Task prompt. An exact copy of the entries below is the expected answer.

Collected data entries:

════

lemma zeta_rho_mult_zeta_rho_inv:
  assumes "1 \<le> r" and "r < n"
  shows "zeta_rho n r emb E K Ki * zeta_rho_inv n r emb F K Ki = one_lam n emb K Ki (omega r)"
proof -
  define e where "e = one_lam n emb K Ki (omega r)"
  define \<omega> where "\<omega> = (\<lambda>i. int (omega r i))"
  define A where "A = prod_list (map F (rev [r+1..<n]))"
  define B where "B = prod_list (map F [1..<r])"
  define C where "C = prod_list (map E [r+1..<n])"
  define D where "D = prod_list (map E (rev [1..<r]))"
  define u where "u = A * (B * (F r * e))"
  have indices: "n \<in> {1..n}" "r \<in> {1..n}" "2 \<le> n"
    using assms by auto
  have e_weight: "weight_vector \<omega> e"
    unfolding e_def \<omega>_def using assms by (intro one_lam_omega_weight_vector) simp
  have Fe_weight: "weight_vector (\<lambda>i. \<omega> i - epsp n i r) (F r * e)"
    using e_weight indices(2) by (rule weight_vector_F)
  have "u = prod_list (map F (rev [r+1..<n] @ [1..<r] @ [r])) * e"
    by (simp add: u_def A_def B_def mult.assoc)
  also have "weight_vector (\<lambda>i. \<omega> i + epsp n i n) \<dots>"
    using assms by (intro weight_vector_prod_F_all_but[OF e_weight indices(3)]) auto
  finally have u_weight: "weight_vector (\<lambda>i. \<omega> i + epsp n i n) u" .
  have "weight_vector \<omega> (F n * u)"
    using weight_vector_F[OF u_weight indices(1)] by (rule weight_vector_cong) simp
  then have "e * (F n * u) = F n * u"
    unfolding e_def \<omega>_def by (rule one_lam_omega_mult_eq)
  then have "zeta_rho n r emb E K Ki * zeta_rho_inv n r emb F K Ki
      = E r * (C * (D * (E n * (F n * u))))"
    using assms
    by (simp add: zeta_rho_inv_def zeta_rho_def A_def B_def C_def D_def u_def upt_conv_Cons
        mult.assoc flip: e_def)
  also have "E n * (F n * u) = u"
    using u_weight indices(1)
    by (rule E_F_cancel) (use assms in \<open>simp_all add: \<omega>_def omega_def epsp_def sc_def pr_def\<close>)
  also have "D * u = A * (D * (B * (F r * e)))"
  proof -
    have "A * D = D * A"
      unfolding A_def D_def by (rule prod_F_prod_E_commute) (use assms in auto)
    then show ?thesis
      unfolding u_def by (metis mult.assoc)
  qed
  also have "D * (B * (F r * e)) = F r * e"
    unfolding B_def D_def using Fe_weight
    by (rule prod_E_rev_upt_prod_F_upt) (use assms in \<open>auto simp: \<omega>_def omega_def epsp_def pr_def\<close>)
  also have "C * (A * (F r * e)) = F r * e"
    unfolding A_def C_def using Fe_weight
    by (rule prod_E_upt_prod_F_rev_upt) (use assms in \<open>auto simp: \<omega>_def omega_def epsp_def pr_def\<close>)
  also have "E r * (F r * e) = e"
    using e_weight indices(2)
    by (rule E_F_cancel) (use assms in \<open>simp_all add: \<omega>_def omega_def sc_def\<close>)
  finally show ?thesis
    unfolding e_def .
qed

end

theorem lemma2p3p5:
  fixes n r :: nat and emb :: "qv \<Rightarrow> 'a::ring_1"
    and E F K Ki :: "nat \<Rightarrow> 'a"
  assumes "r \<ge> 3" and "n > r" and "T_rel n r emb E F K Ki"
  shows "zeta_rho_inv n r emb F K Ki * zeta_rho n r emb E K Ki = one_lam n emb K Ki (omega r) \<and>
         zeta_rho n r emb E K Ki * zeta_rho_inv n r emb F K Ki = one_lam n emb K Ki (omega r)"
proof -
  interpret T_algebra n r emb E F K Ki
    using assms(3) by (rule T_algebra.intro)
  show ?thesis
    using assms(1,2) zeta_rho_inv_mult_zeta_rho zeta_rho_mult_zeta_rho_inv by simp
qed

end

════

Your solution.
lemma zeta_rho_mult_zeta_rho_inv:
  assumes "1 \<le> r" and "r < n"
  shows "zeta_rho n r emb E K Ki * zeta_rho_inv n r emb F K Ki = one_lam n emb K Ki (omega r)"
proof -
  define e where "e = one_lam n emb K Ki (omega r)"
  define \<omega> where "\<omega> = (\<lambda>i. int (omega r i))"
  define A where "A = prod_list (map F (rev [r+1..<n]))"
  define B where "B = prod_list (map F [1..<r])"
  define C where "C = prod_list (map E [r+1..<n])"
  define D where "D = prod_list (map E (rev [1..<r]))"
  define u where "u = A * (B * (F r * e))"
  have indices: "n \<in> {1..n}" "r \<in> {1..n}" "2 \<le> n"
    using assms by auto
  have e_weight: "weight_vector \<omega> e"
    unfolding e_def \<omega>_def using assms by (intro one_lam_omega_weight_vector) simp
  have Fe_weight: "weight_vector (\<lambda>i. \<omega> i - epsp n i r) (F r * e)"
    using e_weight indices(2) by (rule weight_vector_F)
  have "u = prod_list (map F (rev [r+1..<n] @ [1..<r] @ [r])) * e"
    by (simp add: u_def A_def B_def mult.assoc)
  also have "weight_vector (\<lambda>i. \<omega> i + epsp n i n) \<dots>"
    using assms by (intro weight_vector_prod_F_all_but[OF e_weight indices(3)]) auto
  finally have u_weight: "weight_vector (\<lambda>i. \<omega> i + epsp n i n) u" .
  have "weight_vector \<omega> (F n * u)"
    using weight_vector_F[OF u_weight indices(1)] by (rule weight_vector_cong) simp
  then have "e * (F n * u) = F n * u"
    unfolding e_def \<omega>_def by (rule one_lam_omega_mult_eq)
  then have "zeta_rho n r emb E K Ki * zeta_rho_inv n r emb F K Ki
      = E r * (C * (D * (E n * (F n * u))))"
    using assms
    by (simp add: zeta_rho_inv_def zeta_rho_def A_def B_def C_def D_def u_def upt_conv_Cons
        mult.assoc flip: e_def)
  also have "E n * (F n * u) = u"
    using u_weight indices(1)
    by (rule E_F_cancel) (use assms in \<open>simp_all add: \<omega>_def omega_def epsp_def sc_def pr_def\<close>)
  also have "D * u = A * (D * (B * (F r * e)))"
  proof -
    have "A * D = D * A"
      unfolding A_def D_def by (rule prod_F_prod_E_commute) (use assms in auto)
    then show ?thesis
      unfolding u_def by (metis mult.assoc)
  qed
  also have "D * (B * (F r * e)) = F r * e"
    unfolding B_def D_def using Fe_weight
    by (rule prod_E_rev_upt_prod_F_upt) (use assms in \<open>auto simp: \<omega>_def omega_def epsp_def pr_def\<close>)
  also have "C * (A * (F r * e)) = F r * e"
    unfolding A_def C_def using Fe_weight
    by (rule prod_E_upt_prod_F_rev_upt) (use assms in \<open>auto simp: \<omega>_def omega_def epsp_def pr_def\<close>)
  also have "E r * (F r * e) = e"
    using e_weight indices(2)
    by (rule E_F_cancel) (use assms in \<open>simp_all add: \<omega>_def omega_def sc_def\<close>)
  finally show ?thesis
    unfolding e_def .
qed

end

theorem lemma2p3p5:
  fixes n r :: nat and emb :: "qv \<Rightarrow> 'a::ring_1"
    and E F K Ki :: "nat \<Rightarrow> 'a"
  assumes "r \<ge> 3" and "n > r" and "T_rel n r emb E F K Ki"
  shows "zeta_rho_inv n r emb F K Ki * zeta_rho n r emb E K Ki = one_lam n emb K Ki (omega r) \<and>
         zeta_rho n r emb E K Ki * zeta_rho_inv n r emb F K Ki = one_lam n emb K Ki (omega r)"
proof -
  interpret T_algebra n r emb E F K Ki
    using assms(3) by (rule T_algebra.intro)
  show ?thesis
    using assms(1,2) zeta_rho_inv_mult_zeta_rho zeta_rho_mult_zeta_rho_inv by simp
qed

end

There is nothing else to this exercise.